# THE TASK
Copy each entry exactly, leaving nothing out.

# DATA UNDER STUDY
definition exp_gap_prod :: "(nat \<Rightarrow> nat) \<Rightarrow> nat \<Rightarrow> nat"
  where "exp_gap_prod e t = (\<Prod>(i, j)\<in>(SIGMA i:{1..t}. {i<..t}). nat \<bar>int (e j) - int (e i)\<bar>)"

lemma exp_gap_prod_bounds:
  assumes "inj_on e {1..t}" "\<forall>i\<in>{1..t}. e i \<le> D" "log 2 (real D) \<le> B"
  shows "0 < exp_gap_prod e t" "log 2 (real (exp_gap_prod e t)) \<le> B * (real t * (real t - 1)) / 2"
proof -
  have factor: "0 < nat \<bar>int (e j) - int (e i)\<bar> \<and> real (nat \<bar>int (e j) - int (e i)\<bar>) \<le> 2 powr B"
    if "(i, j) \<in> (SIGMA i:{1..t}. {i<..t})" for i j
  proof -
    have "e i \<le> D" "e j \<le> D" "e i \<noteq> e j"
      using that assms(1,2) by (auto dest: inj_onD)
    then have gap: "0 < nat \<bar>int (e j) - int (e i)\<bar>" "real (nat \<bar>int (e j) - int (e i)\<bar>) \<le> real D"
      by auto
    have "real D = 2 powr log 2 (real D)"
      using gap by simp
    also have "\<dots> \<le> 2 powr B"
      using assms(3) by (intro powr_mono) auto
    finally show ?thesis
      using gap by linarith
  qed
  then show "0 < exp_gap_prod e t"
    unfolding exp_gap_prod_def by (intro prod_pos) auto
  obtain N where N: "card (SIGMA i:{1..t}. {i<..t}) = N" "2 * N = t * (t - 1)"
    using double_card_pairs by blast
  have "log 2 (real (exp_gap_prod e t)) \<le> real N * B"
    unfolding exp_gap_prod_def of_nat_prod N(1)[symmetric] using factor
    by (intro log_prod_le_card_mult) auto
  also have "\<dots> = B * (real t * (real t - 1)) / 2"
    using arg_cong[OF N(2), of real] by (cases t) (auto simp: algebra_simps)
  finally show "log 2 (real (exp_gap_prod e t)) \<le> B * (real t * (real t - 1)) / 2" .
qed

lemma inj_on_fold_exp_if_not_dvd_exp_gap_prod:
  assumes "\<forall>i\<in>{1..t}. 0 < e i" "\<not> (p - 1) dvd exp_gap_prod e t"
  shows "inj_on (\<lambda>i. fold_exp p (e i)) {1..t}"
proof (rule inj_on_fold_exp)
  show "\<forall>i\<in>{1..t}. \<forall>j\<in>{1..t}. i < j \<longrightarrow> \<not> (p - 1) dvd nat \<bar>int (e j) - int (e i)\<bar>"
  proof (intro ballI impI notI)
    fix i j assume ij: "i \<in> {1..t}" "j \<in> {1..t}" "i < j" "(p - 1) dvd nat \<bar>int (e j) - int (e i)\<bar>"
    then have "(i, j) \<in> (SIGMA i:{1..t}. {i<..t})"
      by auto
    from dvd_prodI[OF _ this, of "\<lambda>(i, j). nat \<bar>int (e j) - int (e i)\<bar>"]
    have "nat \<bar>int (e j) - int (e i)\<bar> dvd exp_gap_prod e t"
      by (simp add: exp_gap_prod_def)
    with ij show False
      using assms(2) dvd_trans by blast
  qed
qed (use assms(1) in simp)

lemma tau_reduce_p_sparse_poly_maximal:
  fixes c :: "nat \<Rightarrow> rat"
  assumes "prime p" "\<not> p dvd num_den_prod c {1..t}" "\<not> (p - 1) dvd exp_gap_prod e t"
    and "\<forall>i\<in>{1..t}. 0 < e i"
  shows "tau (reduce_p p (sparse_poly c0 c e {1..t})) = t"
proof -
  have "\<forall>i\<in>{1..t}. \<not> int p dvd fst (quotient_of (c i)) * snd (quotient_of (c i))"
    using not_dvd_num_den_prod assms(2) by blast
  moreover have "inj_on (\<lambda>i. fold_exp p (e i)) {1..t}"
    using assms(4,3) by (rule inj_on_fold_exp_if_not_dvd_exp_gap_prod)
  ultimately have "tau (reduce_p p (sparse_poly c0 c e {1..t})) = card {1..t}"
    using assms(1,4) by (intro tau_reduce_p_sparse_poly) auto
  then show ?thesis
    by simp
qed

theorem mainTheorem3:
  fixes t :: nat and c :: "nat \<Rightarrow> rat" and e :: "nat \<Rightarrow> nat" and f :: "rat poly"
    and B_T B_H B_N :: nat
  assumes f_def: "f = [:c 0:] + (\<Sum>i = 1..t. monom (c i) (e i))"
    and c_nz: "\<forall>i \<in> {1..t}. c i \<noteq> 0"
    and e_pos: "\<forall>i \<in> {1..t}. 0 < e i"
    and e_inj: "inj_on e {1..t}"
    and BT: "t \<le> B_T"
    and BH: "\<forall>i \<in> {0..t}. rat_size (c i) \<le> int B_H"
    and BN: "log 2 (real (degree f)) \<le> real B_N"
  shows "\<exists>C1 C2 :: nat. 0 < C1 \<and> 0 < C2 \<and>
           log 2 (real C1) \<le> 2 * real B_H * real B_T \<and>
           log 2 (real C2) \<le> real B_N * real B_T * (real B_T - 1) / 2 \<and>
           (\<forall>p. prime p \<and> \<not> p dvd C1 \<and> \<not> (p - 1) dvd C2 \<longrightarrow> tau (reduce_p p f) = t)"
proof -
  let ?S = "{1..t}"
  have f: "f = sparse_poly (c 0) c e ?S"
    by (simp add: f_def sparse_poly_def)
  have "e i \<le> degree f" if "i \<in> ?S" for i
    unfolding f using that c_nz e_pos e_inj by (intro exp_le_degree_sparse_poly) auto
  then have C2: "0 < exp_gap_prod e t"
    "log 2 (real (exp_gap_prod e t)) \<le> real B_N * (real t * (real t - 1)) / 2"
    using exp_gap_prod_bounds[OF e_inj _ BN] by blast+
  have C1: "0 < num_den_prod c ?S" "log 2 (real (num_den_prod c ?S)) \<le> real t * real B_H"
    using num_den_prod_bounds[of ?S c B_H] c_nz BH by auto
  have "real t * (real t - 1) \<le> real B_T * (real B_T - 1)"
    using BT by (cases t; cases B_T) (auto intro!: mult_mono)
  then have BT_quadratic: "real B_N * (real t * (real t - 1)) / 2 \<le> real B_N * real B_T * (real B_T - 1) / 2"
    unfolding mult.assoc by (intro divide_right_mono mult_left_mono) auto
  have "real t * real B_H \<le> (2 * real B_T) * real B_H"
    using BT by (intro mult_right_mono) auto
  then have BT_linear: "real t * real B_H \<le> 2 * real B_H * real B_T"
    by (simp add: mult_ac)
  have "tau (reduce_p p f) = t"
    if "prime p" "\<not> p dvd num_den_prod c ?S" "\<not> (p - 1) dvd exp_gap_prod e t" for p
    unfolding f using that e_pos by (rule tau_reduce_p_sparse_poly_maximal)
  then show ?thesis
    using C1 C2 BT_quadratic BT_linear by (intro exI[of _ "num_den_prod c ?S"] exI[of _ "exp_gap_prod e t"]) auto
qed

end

# ANSWER TO THIS TASK
definition exp_gap_prod :: "(nat \<Rightarrow> nat) \<Rightarrow> nat \<Rightarrow> nat"
  where "exp_gap_prod e t = (\<Prod>(i, j)\<in>(SIGMA i:{1..t}. {i<..t}). nat \<bar>int (e j) - int (e i)\<bar>)"

lemma exp_gap_prod_bounds:
  assumes "inj_on e {1..t}" "\<forall>i\<in>{1..t}. e i \<le> D" "log 2 (real D) \<le> B"
  shows "0 < exp_gap_prod e t" "log 2 (real (exp_gap_prod e t)) \<le> B * (real t * (real t - 1)) / 2"
proof -
  have factor: "0 < nat \<bar>int (e j) - int (e i)\<bar> \<and> real (nat \<bar>int (e j) - int (e i)\<bar>) \<le> 2 powr B"
    if "(i, j) \<in> (SIGMA i:{1..t}. {i<..t})" for i j
  proof -
    have "e i \<le> D" "e j \<le> D" "e i \<noteq> e j"
      using that assms(1,2) by (auto dest: inj_onD)
    then have gap: "0 < nat \<bar>int (e j) - int (e i)\<bar>" "real (nat \<bar>int (e j) - int (e i)\<bar>) \<le> real D"
      by auto
    have "real D = 2 powr log 2 (real D)"
      using gap by simp
    also have "\<dots> \<le> 2 powr B"
      using assms(3) by (intro powr_mono) auto
    finally show ?thesis
      using gap by linarith
  qed
  then show "0 < exp_gap_prod e t"
    unfolding exp_gap_prod_def by (intro prod_pos) auto
  obtain N where N: "card (SIGMA i:{1..t}. {i<..t}) = N" "2 * N = t * (t - 1)"
    using double_card_pairs by blast
  have "log 2 (real (exp_gap_prod e t)) \<le> real N * B"
    unfolding exp_gap_prod_def of_nat_prod N(1)[symmetric] using factor
    by (intro log_prod_le_card_mult) auto
  also have "\<dots> = B * (real t * (real t - 1)) / 2"
    using arg_cong[OF N(2), of real] by (cases t) (auto simp: algebra_simps)
  finally show "log 2 (real (exp_gap_prod e t)) \<le> B * (real t * (real t - 1)) / 2" .
qed

lemma inj_on_fold_exp_if_not_dvd_exp_gap_prod:
  assumes "\<forall>i\<in>{1..t}. 0 < e i" "\<not> (p - 1) dvd exp_gap_prod e t"
  shows "inj_on (\<lambda>i. fold_exp p (e i)) {1..t}"
proof (rule inj_on_fold_exp)
  show "\<forall>i\<in>{1..t}. \<forall>j\<in>{1..t}. i < j \<longrightarrow> \<not> (p - 1) dvd nat \<bar>int (e j) - int (e i)\<bar>"
  proof (intro ballI impI notI)
    fix i j assume ij: "i \<in> {1..t}" "j \<in> {1..t}" "i < j" "(p - 1) dvd nat \<bar>int (e j) - int (e i)\<bar>"
    then have "(i, j) \<in> (SIGMA i:{1..t}. {i<..t})"
      by auto
    from dvd_prodI[OF _ this, of "\<lambda>(i, j). nat \<bar>int (e j) - int (e i)\<bar>"]
    have "nat \<bar>int (e j) - int (e i)\<bar> dvd exp_gap_prod e t"
      by (simp add: exp_gap_prod_def)
    with ij show False
      using assms(2) dvd_trans by blast
  qed
qed (use assms(1) in simp)

lemma tau_reduce_p_sparse_poly_maximal:
  fixes c :: "nat \<Rightarrow> rat"
  assumes "prime p" "\<not> p dvd num_den_prod c {1..t}" "\<not> (p - 1) dvd exp_gap_prod e t"
    and "\<forall>i\<in>{1..t}. 0 < e i"
  shows "tau (reduce_p p (sparse_poly c0 c e {1..t})) = t"
proof -
  have "\<forall>i\<in>{1..t}. \<not> int p dvd fst (quotient_of (c i)) * snd (quotient_of (c i))"
    using not_dvd_num_den_prod assms(2) by blast
  moreover have "inj_on (\<lambda>i. fold_exp p (e i)) {1..t}"
    using assms(4,3) by (rule inj_on_fold_exp_if_not_dvd_exp_gap_prod)
  ultimately have "tau (reduce_p p (sparse_poly c0 c e {1..t})) = card {1..t}"
    using assms(1,4) by (intro tau_reduce_p_sparse_poly) auto
  then show ?thesis
    by simp
qed

theorem mainTheorem3:
  fixes t :: nat and c :: "nat \<Rightarrow> rat" and e :: "nat \<Rightarrow> nat" and f :: "rat poly"
    and B_T B_H B_N :: nat
  assumes f_def: "f = [:c 0:] + (\<Sum>i = 1..t. monom (c i) (e i))"
    and c_nz: "\<forall>i \<in> {1..t}. c i \<noteq> 0"
    and e_pos: "\<forall>i \<in> {1..t}. 0 < e i"
    and e_inj: "inj_on e {1..t}"
    and BT: "t \<le> B_T"
    and BH: "\<forall>i \<in> {0..t}. rat_size (c i) \<le> int B_H"
    and BN: "log 2 (real (degree f)) \<le> real B_N"
  shows "\<exists>C1 C2 :: nat. 0 < C1 \<and> 0 < C2 \<and>
           log 2 (real C1) \<le> 2 * real B_H * real B_T \<and>
           log 2 (real C2) \<le> real B_N * real B_T * (real B_T - 1) / 2 \<and>
           (\<forall>p. prime p \<and> \<not> p dvd C1 \<and> \<not> (p - 1) dvd C2 \<longrightarrow> tau (reduce_p p f) = t)"
proof -
  let ?S = "{1..t}"
  have f: "f = sparse_poly (c 0) c e ?S"
    by (simp add: f_def sparse_poly_def)
  have "e i \<le> degree f" if "i \<in> ?S" for i
    unfolding f using that c_nz e_pos e_inj by (intro exp_le_degree_sparse_poly) auto
  then have C2: "0 < exp_gap_prod e t"
    "log 2 (real (exp_gap_prod e t)) \<le> real B_N * (real t * (real t - 1)) / 2"
    using exp_gap_prod_bounds[OF e_inj _ BN] by blast+
  have C1: "0 < num_den_prod c ?S" "log 2 (real (num_den_prod c ?S)) \<le> real t * real B_H"
    using num_den_prod_bounds[of ?S c B_H] c_nz BH by auto
  have "real t * (real t - 1) \<le> real B_T * (real B_T - 1)"
    using BT by (cases t; cases B_T) (auto intro!: mult_mono)
  then have BT_quadratic: "real B_N * (real t * (real t - 1)) / 2 \<le> real B_N * real B_T * (real B_T - 1) / 2"
    unfolding mult.assoc by (intro divide_right_mono mult_left_mono) auto
  have "real t * real B_H \<le> (2 * real B_T) * real B_H"
    using BT by (intro mult_right_mono) auto
  then have BT_linear: "real t * real B_H \<le> 2 * real B_H * real B_T"
    by (simp add: mult_ac)
  have "tau (reduce_p p f) = t"
    if "prime p" "\<not> p dvd num_den_prod c ?S" "\<not> (p - 1) dvd exp_gap_prod e t" for p
    unfolding f using that e_pos by (rule tau_reduce_p_sparse_poly_maximal)
  then show ?thesis
    using C1 C2 BT_quadratic BT_linear by (intro exI[of _ "num_den_prod c ?S"] exI[of _ "exp_gap_prod e t"]) auto
qed

end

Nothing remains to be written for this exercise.